Il progetto, denominato Creativitour. Percorsi per un turismo creativo, promosso da un partenariato di organizzazioni sociali e culturali guidate dalla Diotimart di Alessano, ha già trovato il sostegno finanziario di Fondazione con il Sud nell’ambito dell’ultima edizione del suo bando Storico-Artistico e Culturale e ottenuto tutte le autorizzazioni necessarie all’avvio dei lavori di ristrutturazione e adeguamento funzionale, preludio alla realizzazione del programma di gestione vero e proprio. Così la valorizzazione dell’ex Convento dei Carmelitani a Nardò sarà, alla riapertura delle attività dopo il lockdown imposto per far fronte alla crisi epidemiologica, uno fra i primissimi investimenti ai nastri di partenza sul territorio.

Il budget iniziale, già stanziato da Fondazione con il Sud, ammonta a circa mezzo milione di euro. A questi si aggiungeranno altri fondi individuati dal partenariato di progetto, che ha preso in carico la struttura per i prossimi dieci anni e che dovrà farsi carico, oltre che delle spese di investimento, a costo zero per le casse comunali, anche delle spese di gestione.

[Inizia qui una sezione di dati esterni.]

(* Let $K$ be a non-zero real constant. Let $J\subset(0,\infty)$ be an open interval and $u:J\to\mathbb{R}$ a smooth function with $u'(\alpha)\neq0$ on $J$. The rotational surface in $(\mathbb{R}^3,\|\cdot\|)$ given by $\bar f(\alpha,v)=(\alpha\cos v,\ \alpha\sin v,\ u(\alpha))$ has constant Minkowski Gaussian curvature $K$ if and only if there are a constant $c_1$ and a fixed sign such that $0<K\alpha^2+c_1<1$ for all $\alpha\in J$ and $$u'(\alpha)=\pm\frac{(K\alpha^2+c_1)^{\frac{2m-1}{2}}}{\left\{1-(K\alpha^2+c_1)^m\right\}^{\frac{2m-1}{2m}}}\qquad(\alpha\in J),$$ i.e. $u(\alpha)=\pm\int\frac{(K\alpha^2+c_1)^{\frac{2m-1}{2}}}{\{1-(K\alpha^2+c_1)^m\}^{\frac{2m-1}{2m}}}\,d\alpha$.
   Context: Fix an integer $m\ge 2$. Let $\Phi(x_1,x_2,x_3)=(x_1^2+x_2^2)^m+x_3^{2m}$ and let $\|\cdot\|$ be the norm on $\mathbb{R}^3$ whose unit sphere is $S=\{x\in\mathbb{R}^3:\Phi(x)=1\}$ (a smooth, strictly convex surface). For a surface given by a parametrization $f(s,v)$, its Birkhoff–Gauss map $\eta$ is the map into $S$ defined by requiring $\eta\in S$ and $\nabla\Phi(\eta)=\mu\, f_s\times f_v$ for some function $\mu>0$, where $\times$ is the standard cross product (so the tangent plane of $S$ at $\eta(p)$ is parallel to $T_pM$, and $d\eta_p$ is an endomorphism of $T_pM$). The Minkowski Gaussian curvature is $K=\det(d\eta_p)$ (it does not depend on the choice of orientation). *)

theory Defs
  imports "HOL-Analysis.Analysis"
begin

definition smooth_real_on :: "real set \<Rightarrow> (real \<Rightarrow> real) \<Rightarrow> bool" where
  "smooth_real_on J u \<longleftrightarrow> (\<forall>n. \<forall>x\<in>J. ((deriv ^^ n) u) differentiable (at x))"

text \<open>The gauge function Phi whose level set Phi = 1 is the unit sphere of the norm.\<close>
definition Phi :: "nat \<Rightarrow> real^3 \<Rightarrow> real" where
  "Phi m x = ((x$1)^2 + (x$2)^2)^m + (x$3)^(2*m)"

definition d_s :: "(real \<times> real \<Rightarrow> real^3) \<Rightarrow> real \<times> real \<Rightarrow> real^3" where
  "d_s f p = frechet_derivative f (at p) (1, 0)"

definition d_v :: "(real \<times> real \<Rightarrow> real^3) \<Rightarrow> real \<times> real \<Rightarrow> real^3" where
  "d_v f p = frechet_derivative f (at p) (0, 1)"

definition BG_map :: "nat \<Rightarrow> (real \<times> real \<Rightarrow> real^3) \<Rightarrow> real \<times> real \<Rightarrow> real^3" where
  "BG_map m f p = (THE y. Phi m y = 1 \<and>
      (\<exists>\<mu>>0. (Phi m has_derivative (\<lambda>h. (\<mu> *\<^sub>R cross3 (d_s f p) (d_v f p)) \<bullet> h)) (at y)))"

definition mink_gauss_curv_at :: "nat \<Rightarrow> (real \<times> real \<Rightarrow> real^3) \<Rightarrow> real \<times> real \<Rightarrow> real \<Rightarrow> bool" where
  "mink_gauss_curv_at m f p k \<longleftrightarrow>
     f differentiable (at p) \<and> BG_map m f differentiable (at p) \<and>
     (\<exists>a b c d. d_s (BG_map m f) p = a *\<^sub>R d_s f p + c *\<^sub>R d_v f p \<and>
                d_v (BG_map m f) p = b *\<^sub>R d_s f p + d *\<^sub>R d_v f p \<and>
                k = a * d - b * c)"

definition const_mink_gauss_curv :: "nat \<Rightarrow> (real \<times> real \<Rightarrow> real^3) \<Rightarrow> (real \<times> real) set \<Rightarrow> real \<Rightarrow> bool" where
  "const_mink_gauss_curv m f U k \<longleftrightarrow> (\<forall>p\<in>U. mink_gauss_curv_at m f p k)"

definition rot_surface :: "(real \<Rightarrow> real) \<Rightarrow> real \<times> real \<Rightarrow> real^3" where
  "rot_surface u p = vector [fst p * cos (snd p), fst p * sin (snd p), u (fst p)]"

end

theory Submission
  imports Defs
begin

text \<open>
  The Birkhoff--Gauss map of the rotational surface is again rotational,
  \<eta>(\<alpha>, v) = (-\<epsilon> \<rho> cos v, -\<epsilon> \<rho> sin v, z) with \<epsilon> = sgn u'(\<alpha>), where (\<rho>, z) is the point
  of the curve \<rho>^(2m) + z^(2m) = 1, \<rho>, z > 0, at which the normal of the unit sphere is
  parallel to that of the surface, i.e. \<rho>^(2m-1) = |u'| z^(2m-1); this point is unique because
  the unit sphere is strictly convex. In the frame f_\<alpha>, f_v the differential of \<eta> is diagonal
  with entries -\<epsilon> \<rho>' and -\<epsilon> \<rho> / \<alpha>, so the curvature is \<rho> \<rho>' / \<alpha> = (\<rho>^2)' / (2 \<alpha>).
  Hence it equals K iff \<rho>^2 = K \<alpha>^2 + c1, and solving the slope relation for u' gives
  the stated formula.
\<close>

lemma vec3_eq_iff: "(x::real^3) = y \<longleftrightarrow> x$1 = y$1 \<and> x$2 = y$2 \<and> x$3 = y$3"
  by (simp add: vec_eq_iff forall_3)

lemma has_derivative_vector3:
  assumes "(f1 has_derivative f1') F" "(f2 has_derivative f2') F" "(f3 has_derivative f3') F"
  shows "((\<lambda>x. vector [f1 x, f2 x, f3 x] :: real^3) has_derivative (\<lambda>h. vector [f1' h, f2' h, f3' h])) F"
proof -
  have "\<And>a b c. (vector [a, b, c] :: real^3) = a *\<^sub>R axis 1 1 + b *\<^sub>R axis 2 1 + c *\<^sub>R axis 3 1"
    by (simp add: vec3_eq_iff axis_def)
  then show ?thesis
    by (simp only:) (intro has_derivative_add has_derivative_scaleR_left assms)
qed

lemma has_real_derivative_fst_comp:
  assumes "(f has_real_derivative f') (at a)"
  shows "((\<lambda>q. f (fst q)) has_derivative (\<lambda>h. f' * fst h)) (at (a, v))"
  using has_derivative_compose[OF has_derivative_fst[OF has_derivative_ident], of f "(*) f'" "(a, v)"] assms
  by (simp add: has_field_derivative_def)
(* Assume the setting and standing assumptions described in the context, and let $d>0$ with $\Xi\subset\Omega_d=\{z\in\mathbb{R}^{2n}:|z|<d\}$. Let $p\ge1$, $\epsilon>0$, and let $\delta_0,\dots,\delta_p\in\mathbb{R}$ satisfy: $\mathcal{L}_F^p\phi(z)\le\sum_{i=0}^{p-1}\delta_i\mathcal{L}_F^i\phi(z)+\delta_p$ for all $z\in\Omega_d$; $\delta_0\phi((x,0))+\delta_p\ge\epsilon$ for all $x\in\mathrm{Z}$; and $\delta_i\ge0$ for all $i$. Let $A$ be the $(p+1)\times(p+1)$ matrix with $A_{k,k+1}=1$ for $k=1,\dots,p-1$, $p$-th row $(\delta_0,\dots,\delta_{p-1},1)$, last row zero and other entries zero; $C=(1,0,\dots,0)$. Define $$\eta(x,0)=\big(\phi((x,0)),\max(\mathcal{L}_F\phi((x,0)),0),\dots,\max(\mathcal{L}_F^{p-1}\phi((x,0)),0),\delta_p\big)^\top,\qquad \eta_1(x,t)=Ce^{At}\eta(x,0).$$ Then for every $x\in\mathrm{Z}$, the map $t\mapsto\eta_1(x,t)$ is strictly increasing for $t>0$.
   Context: Let $f:\mathbb{R}^n\times\mathbb{R}^m\to\mathbb{R}^n$ and a feedback law $\upsilon:\mathbb{R}^n\to\mathbb{R}^m$ be given. Define $F:\mathbb{R}^{2n}\to\mathbb{R}^{2n}$ by $F(z,e)=\big(f(z,\upsilon(z+e)),\,-f(z,\upsilon(z+e))\big)$. For $x\in\mathbb{R}^n$, $\xi(t;x)$ denotes the solution of $\dot\xi=F(\xi)$ with $\xi(0;x)=(x,0)$. A triggering function $\phi:\mathbb{R}^{2n}\to\mathbb{R}$ is given. $\mathcal{L}_F^k\phi$ denotes the $k$-th Lie derivative of $\phi$ along $F$ ($\mathcal{L}_F^0\phi=\phi$). Standing assumptions: (i) $F$ is smooth and homogeneous of degree $\alpha\ge1$ with all weights $1$, i.e. $F(\lambda\xi)=\lambda^{\alpha+1}F(\xi)$ for all $\lambda>0$; (ii) $\phi$ is smooth and homogeneous of degree $\theta\ge1$ with weights $1$, i.e. $\phi(\lambda\xi)=\lambda^{\theta+1}\phi(\xi)$ for all $\lambda>0$; (iii) for every $x\ne0$, $\phi((x,0))<0$ and there exists $t_x\in(0,\infty)$ with $\phi(\xi(t_x;x))=0$; (iv) compact sets $\mathrm{Z}\subset\mathbb{R}^n$, $\Xi\subset\mathbb{R}^{2n}$ containing a neighbourhood of the origin are given such that for all $x\in\mathrm{Z}$, $t\ge0$: $\phi(\xi(t;x))\le0\Rightarrow\xi(t;x)\in\Xi$; (v) the origin is the only equilibrium of $\dot\zeta=f(\zeta,\upsilon(\zeta))$. *)

theory Defs
  imports "HOL-Analysis.Analysis"
begin
text \<open>The set \<open>Y\<close> of the theorem: on each \<open>\<tau>\<close>-component it agrees with \<open>I\<close> or with the whole
component, according as the first point of the component lies outside or inside \<open>X\<close>.\<close>

definition conj_set :: "nat \<Rightarrow> int set \<Rightarrow> int set \<Rightarrow> int set" where
  "conj_set n I X = {y \<in> Sset n. mem_mod n I y \<or> mem_mod n X (run_start (mem_mod n I) y)}"

lemma mem_mod_conj_set:
  assumes n: "n \<ge> 2" and I: "I \<subset> Sset n"
  shows "mem_mod n (conj_set n I X) p \<longleftrightarrow> mem_mod n I p \<or> mem_mod n X (run_start (mem_mod n I) p)"
proof -
  let ?P = "mem_mod n I"
  define R where "R p \<longleftrightarrow> ?P p \<or> mem_mod n X (run_start ?P p)" for p
  have gP: "runs_bounded ?P" using runs_bounded_proper[OF n] I by auto
  have "R (x + int n) = R x" for x
    unfolding R_def using run_start_shift[of ?P n, OF mem_mod_shift1 gP] mem_mod_shift1 by simp
  then have "R p = R (p mod int n)" by (rule periodic_mod)
  moreover have "p mod int n \<in> Sset n" unfolding Sset_def using n by simp
  ultimately show ?thesis unfolding conj_set_def R_def[symmetric] mem_mod_def[of n "{y \<in> Sset n. R y}"] by simp
qed

lemma conj_set_proper:
  assumes n: "n \<ge> 2" and I: "I \<subset> Sset n" and X: "X \<subset> Sset n" and JX: "tau n ` I \<subseteq> X"
  shows "conj_set n I X \<subset> Sset n"
proof -
  let ?P = "mem_mod n I"
  have gP: "runs_bounded ?P" using runs_bounded_proper[OF n] I by auto
  obtain a where a: "a \<in> Sset n" "a \<notin> X" using X by blast
  then have nQa: "\<not> mem_mod n X a" using mem_mod_Sset by blast
  then have "\<not> ?P (a - 1)" using tau_subset_iff_lift[of n I X] n I X JX by auto
  then have "run_start ?P (run_end ?P a) = a"
    using same_run(1)[OF gP, of a "run_end ?P a"] run_start_self[of ?P a] run_end_ge[of a ?P] by simp
  then have "\<not> mem_mod n (conj_set n I X) (run_end ?P a)"
    using mem_mod_conj_set[OF n I] not_at_run_end[OF gP] nQa by simp
  moreover have "run_end ?P a mod int n \<in> Sset n" unfolding Sset_def using n by simp
  moreover have "conj_set n I X \<subseteq> Sset n" unfolding conj_set_def by auto
  ultimately show ?thesis unfolding mem_mod_def by blast
qed

lemma longest_tau:
  assumes n: "n \<ge> 2" and I: "I \<subset> Sset n"
  shows "longest n (tau n ` I) p = longest n I (p - 1) + 1"
proof -
  have "mem_mod n (tau n ` I) p \<longleftrightarrow> mem_mod n I (p - 1)" for p using mem_mod_tau[of I n] I n by auto
  then show ?thesis
    using run_rev_shift longest_eq_run_rev(1)[OF n] tau_image_proper[OF n I] I by (metis psubsetE)
qed

lemma longest_comp_hX_eq:
  assumes n: "n \<ge> 2" and I: "I \<subset> Sset n" and X: "X \<subset> Sset n" and JX: "tau n ` I \<subseteq> X"
  shows "longest n I \<circ> hX n X = hX n (conj_set n I X) \<circ> longest n (tau n ` I)"
proof
  fix p
  let ?P = "mem_mod n I" and ?Q = "mem_mod n X"
  let ?R = "\<lambda>p. ?P p \<or> ?Q (run_start ?P p)"
  have lift: "\<And>p. ?P (p - 1) \<Longrightarrow> ?Q p" using tau_subset_iff_lift[of n I X] n I X JX by auto
  have Y: "conj_set n I X \<subseteq> Sset n" "conj_set n I X \<noteq> Sset n"
    using conj_set_proper[OF n I X JX] by auto
  have "mem_mod n (conj_set n I X) = ?R" using mem_mod_conj_set[OF n I] by blast
  then have hY: "hX n (conj_set n I X) = hmap ?R" using hX_eq_hmap[OF n Y] by simp
  have LI: "longest n I = run_rev ?P" using longest_eq_run_rev(1)[OF n] I by auto
  have hX: "hX n X = hmap ?Q" using hX_eq_hmap[OF n] X by auto
  have "run_rev ?P (hmap ?Q p) = hmap ?R (run_rev ?P (p - 1) + 1)"
    using run_rev_hmap_eq[OF _ _ lift] runs_bounded_proper[OF n] I X by auto
  then show "(longest n I \<circ> hX n X) p = (hX n (conj_set n I X) \<circ> longest n (tau n ` I)) p"
    unfolding comp_def longest_tau[OF n I] hY LI hX .
qed

lemma longest_longest:
  assumes n: "n \<ge> 2" and I: "I \<subset> Sset n"
  shows "longest n I (longest n I p) = p"
  using longest_eq_run_rev(1)[OF n] run_rev_run_rev runs_bounded_proper[OF n] I by auto

lemma hX_inj:
  assumes n: "n \<ge> 2" and Y: "Y \<subset> Sset n" and Y': "Y' \<subset> Sset n" and eq: "hX n Y = hX n Y'"
  shows "Y = Y'"
proof -
  have "hmap (mem_mod n Y) = hmap (mem_mod n Y')" using eq hX_eq_hmap[OF n] Y Y' by auto
  then have "y \<in> Y \<longleftrightarrow> y \<in> Y'" if "y \<in> Sset n" for y
    using hmap_Suc_eq_iff[of "mem_mod n Y" y] hmap_Suc_eq_iff[of "mem_mod n Y'" y] mem_mod_Sset[OF that] by metis
  then show ?thesis using Y Y' by blast
qed

lemma tau_component_runE:
  assumes "A \<in> tau_components n I"
  obtains a k where "A = {(a + int j) mod int n | j. j \<le> k}" "\<not> mem_mod n I (a - 1)"
    "\<And>j. j \<le> k \<Longrightarrow> run_start (mem_mod n I) (a + int j) = a"
    "\<And>j. 1 \<le> j \<Longrightarrow> j \<le> k \<Longrightarrow> mem_mod n I (a + int j - 1)"
proof -
  let ?P = "mem_mod n I"
  obtain a k where a: "A = {(a + int j) mod int n | j. j \<le> k}"
    "\<forall>j < k. (a + int j) mod int n \<in> I" "(a - 1) mod int n \<notin> I"
    using assms unfolding tau_components_def by blast
  have Pin: "?P (a + int j)" if "j < k" for j using a(2) that unfolding mem_mod_def by simp
  have nPa: "\<not> ?P (a - 1)" using a(3) unfolding mem_mod_def .
  have "run_start ?P (a + int j) = a" if "j \<le> k" for j
  proof (rule run_start_eqI)
    fix t assume "a \<le> t" "t < a + int j"
    then have "t = a + int (nat (t - a))" "nat (t - a) < k" using that by auto
    then show "?P t" using Pin by metis
  qed (use nPa in simp_all)
  moreover have "?P (a + int j - 1)" if "1 \<le> j" "j \<le> k" for j
    using Pin[of "j - 1"] that by (simp add: of_nat_diff algebra_simps)
  ultimately show ?thesis using that a(1) nPa by blast
qed

lemma conj_set_tau_component:
  assumes n: "n \<ge> 2" and I: "I \<subset> Sset n" and X: "X \<subset> Sset n" and JX: "tau n ` I \<subseteq> X"
    and A: "A \<in> tau_components n I"
  shows "(X \<inter> A = tau n ` I \<inter> A \<and> conj_set n I X \<inter> A = I \<inter> A) \<or> (X \<inter> A = A \<and> conj_set n I X \<inter> A = A)"
proof -
  let ?P = "mem_mod n I" and ?Q = "mem_mod n X" and ?Y = "conj_set n I X"
  have lift: "\<And>p. ?P (p - 1) \<Longrightarrow> ?Q p" using tau_subset_iff_lift[of n I X] n I X JX by auto
  obtain a k where A_eq: "A = {(a + int j) mod int n | j. j \<le> k}" and nPa: "\<not> ?P (a - 1)"
    and start: "\<And>j. j \<le> k \<Longrightarrow> run_start ?P (a + int j) = a"
    and Jin: "\<And>j. 1 \<le> j \<Longrightarrow> j \<le> k \<Longrightarrow> ?P (a + int j - 1)"
    using tau_component_runE[OF A] by blast
  have memX: "(a + int j) mod int n \<in> X \<longleftrightarrow> ?Q (a + int j)" for j unfolding mem_mod_def by simp
  have I': "I \<subseteq> Sset n" and n0: "n > 0" using I n by auto
  have memJ: "(a + int j) mod int n \<in> tau n ` I \<longleftrightarrow> ?P (a + int j - 1)" for j
    using mem_mod_tau[OF I' n0, of "a + int j"] by (simp only: mem_mod_def[of n "tau n ` I"])
  have memI: "(a + int j) mod int n \<in> I \<longleftrightarrow> ?P (a + int j)" for j unfolding mem_mod_def by simp
  have memY: "(a + int j) mod int n \<in> ?Y \<longleftrightarrow> ?P (a + int j) \<or> ?Q a" if "j \<le> k" for j
    using mem_mod_conj_set[OF n I, of X "a + int j"] by (simp only: mem_mod_def[of n ?Y] start[OF that])
  have Q_step: "?Q (a + int j)" if "1 \<le> j" "j \<le> k" for j
    using lift Jin[OF that] by blast
  have A_cases: "\<exists>j \<le> k. x = (a + int j) mod int n" if "x \<in> A" for x using that unfolding A_eq by blast
  show ?thesis
  proof (cases "?Q a")
    case True
    have "x \<in> X \<and> x \<in> ?Y" if xA: "x \<in> A" for x
    proof -
      obtain j where j: "j \<le> k" "x = (a + int j) mod int n" using A_cases[OF xA] by blast
      have "?Q (a + int j)" using True Q_step[of j] j by (cases "j = 0") auto
      then show ?thesis unfolding j(2) using True by (intro conjI memX[of j, THEN iffD2] memY[OF j(1), THEN iffD2]) auto
    qed
    then have "X \<inter> A = A \<and> ?Y \<inter> A = A" by blast
    then show ?thesis by blast
  next
    case False
    have "(x \<in> X \<longleftrightarrow> x \<in> tau n ` I) \<and> (x \<in> ?Y \<longleftrightarrow> x \<in> I)" if xA: "x \<in> A" for x
    proof -
      obtain j where j: "j \<le> k" "x = (a + int j) mod int n" using A_cases[OF xA] by blast
      have "?Q (a + int j) \<longleftrightarrow> ?P (a + int j - 1)"
        using False nPa Q_step[of j] Jin[of j] j by (cases "j = 0") auto
      then show ?thesis unfolding j(2) memX memY[OF j(1)] memJ memI using False by simp
    qed
    then have "X \<inter> A = tau n ` I \<inter> A \<and> ?Y \<inter> A = I \<inter> A" by blast
    then show ?thesis by blast
  qed
qed

lemma conj_set_unique:
  assumes n: "n \<ge> 2" and I: "I \<subset> Sset n" and X: "X \<subset> Sset n" and JX: "tau n ` I \<subseteq> X"
    and Y: "Y \<subset> Sset n" and eq: "longest n I \<circ> hX n X = hX n Y \<circ> longest n (tau n ` I)"
  shows "Y = conj_set n I X"
proof -
  let ?L = "longest n (tau n ` I)"
  have comp_eq: "hX n Y \<circ> ?L = hX n (conj_set n I X) \<circ> ?L"
    using eq longest_comp_hX_eq[OF n I X JX] by simp
  have "hX n Y p = hX n (conj_set n I X) p" for p
    using fun_cong[OF comp_eq, of "?L p"] longest_longest[OF n tau_image_proper[OF n I]] by simp
  then show ?thesis using hX_inj[OF n Y conj_set_proper[OF n I X JX]] by blast
qed

lemma ldes_hX_comp_longest:
  assumes n: "n \<ge> 2" and I: "I \<subset> Sset n" and X: "X \<subset> Sset n" and JX: "tau n ` I \<subseteq> X"
  defines "Y \<equiv> conj_set n I X"
  shows "ldes n (hX n Y \<circ> longest n (tau n ` I)) = I \<union> {y \<in> Y. (y + 1) mod int n \<notin> Y}"
proof -
  let ?P = "mem_mod n I" and ?R = "mem_mod n Y" and ?J = "tau n ` I"
  have J: "?J \<subset> Sset n" by (rule tau_image_proper[OF n I])
  have Y: "Y \<subset> Sset n" unfolding Y_def by (rule conj_set_proper[OF n I X JX])
  have gP: "runs_bounded ?P" and gR: "runs_bounded ?R" using runs_bounded_proper[OF n] I Y by auto
  have R: "?R p \<longleftrightarrow> ?P p \<or> mem_mod n X (run_start ?P p)" for p
    unfolding Y_def by (rule mem_mod_conj_set[OF n I])
  have hY: "hX n Y = hmap ?R" using hX_eq_hmap[OF n] Y by blast
  have LI: "longest n I = run_rev ?P" using longest_eq_run_rev(1)[OF n] I by blast
  define g where "g p = longest n ?J (hmap_inv ?R p)" for p
  have "(hX n Y \<circ> longest n ?J) (g p) = p" for p
    unfolding g_def comp_def hY longest_longest[OF n J] by (rule hmap_hmap_inv[OF gR])
  then have ld: "ldes n (hX n Y \<circ> longest n ?J) = {i \<in> Sset n. g (i+1) < g i}"
    by (rule ldes_in_W[OF n in_W_comp[OF in_W_hX[OF n Y] in_W_longest[OF n J]]])
  have "g (i+1) < g i \<longleftrightarrow> i \<in> I \<union> {y \<in> Y. (y + 1) mod int n \<notin> Y}" if iS: "i \<in> Sset n" for i
  proof -
    have "g (i+1) < g i \<longleftrightarrow> run_rev ?P (hmap_inv ?R (i+1) - 1) < run_rev ?P (hmap_inv ?R i - 1)"
      unfolding g_def longest_tau[OF n I] LI by linarith
    also have "\<dots> \<longleftrightarrow> ?P i \<or> (?R i \<and> \<not> ?R (i + 1))"
      by (rule run_rev_hmap_inv_descent_iff[OF gP gR R])
    finally show ?thesis using mem_mod_Sset[OF iS] unfolding mem_mod_def[of n Y "i + 1"] by auto
  qed
  then show ?thesis unfolding ld using I Y by auto
qed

L’idea alla base del progetto è ambiziosa: restituire alla pubblica fruizione un immobile oggi dismesso, attraverso la realizzazione di un centro dedicato al turismo culturale, con annessi spazi ricreativi aperti alla comunità, un caffè letterario, un market shop con i prodotti del circuito etico Salento km0 e un laboratorio residenziale sulla creatività giovanile. Un luogo aperto e accogliente, in grado di attirare turisti da tutto il mondo ma anche locali cittadini che vogliano portare idee nuove, usufruire dei numerosi servizi e attività offerti dalla struttura o, più semplicemente, bere un aperitivo ascoltando buona musica.

Non solo un progetto culturale, dunque, ma soprattutto un’ambiziosa iniziativa imprenditoriale. “E’ ora di convincersi del fatto che per un giovane che ambisca a un percorso professionale appagante quella di trasferirsi al Nord non deve essere una scelta obbligata”, ha commentato l’ideatore e responsabile del progetto, Antonio Santoro. Ma le capacità immaginative, si sa, non scarseggiano fra gli operatori culturali. Per realizzare un’idea di successo occorre un passo in più. La vera sfida sta nel tradurle in pratica. E su questo terreno il team di Creativitour spera di trovare in tutta la comunità di Nardò il suo indispensabile alleato.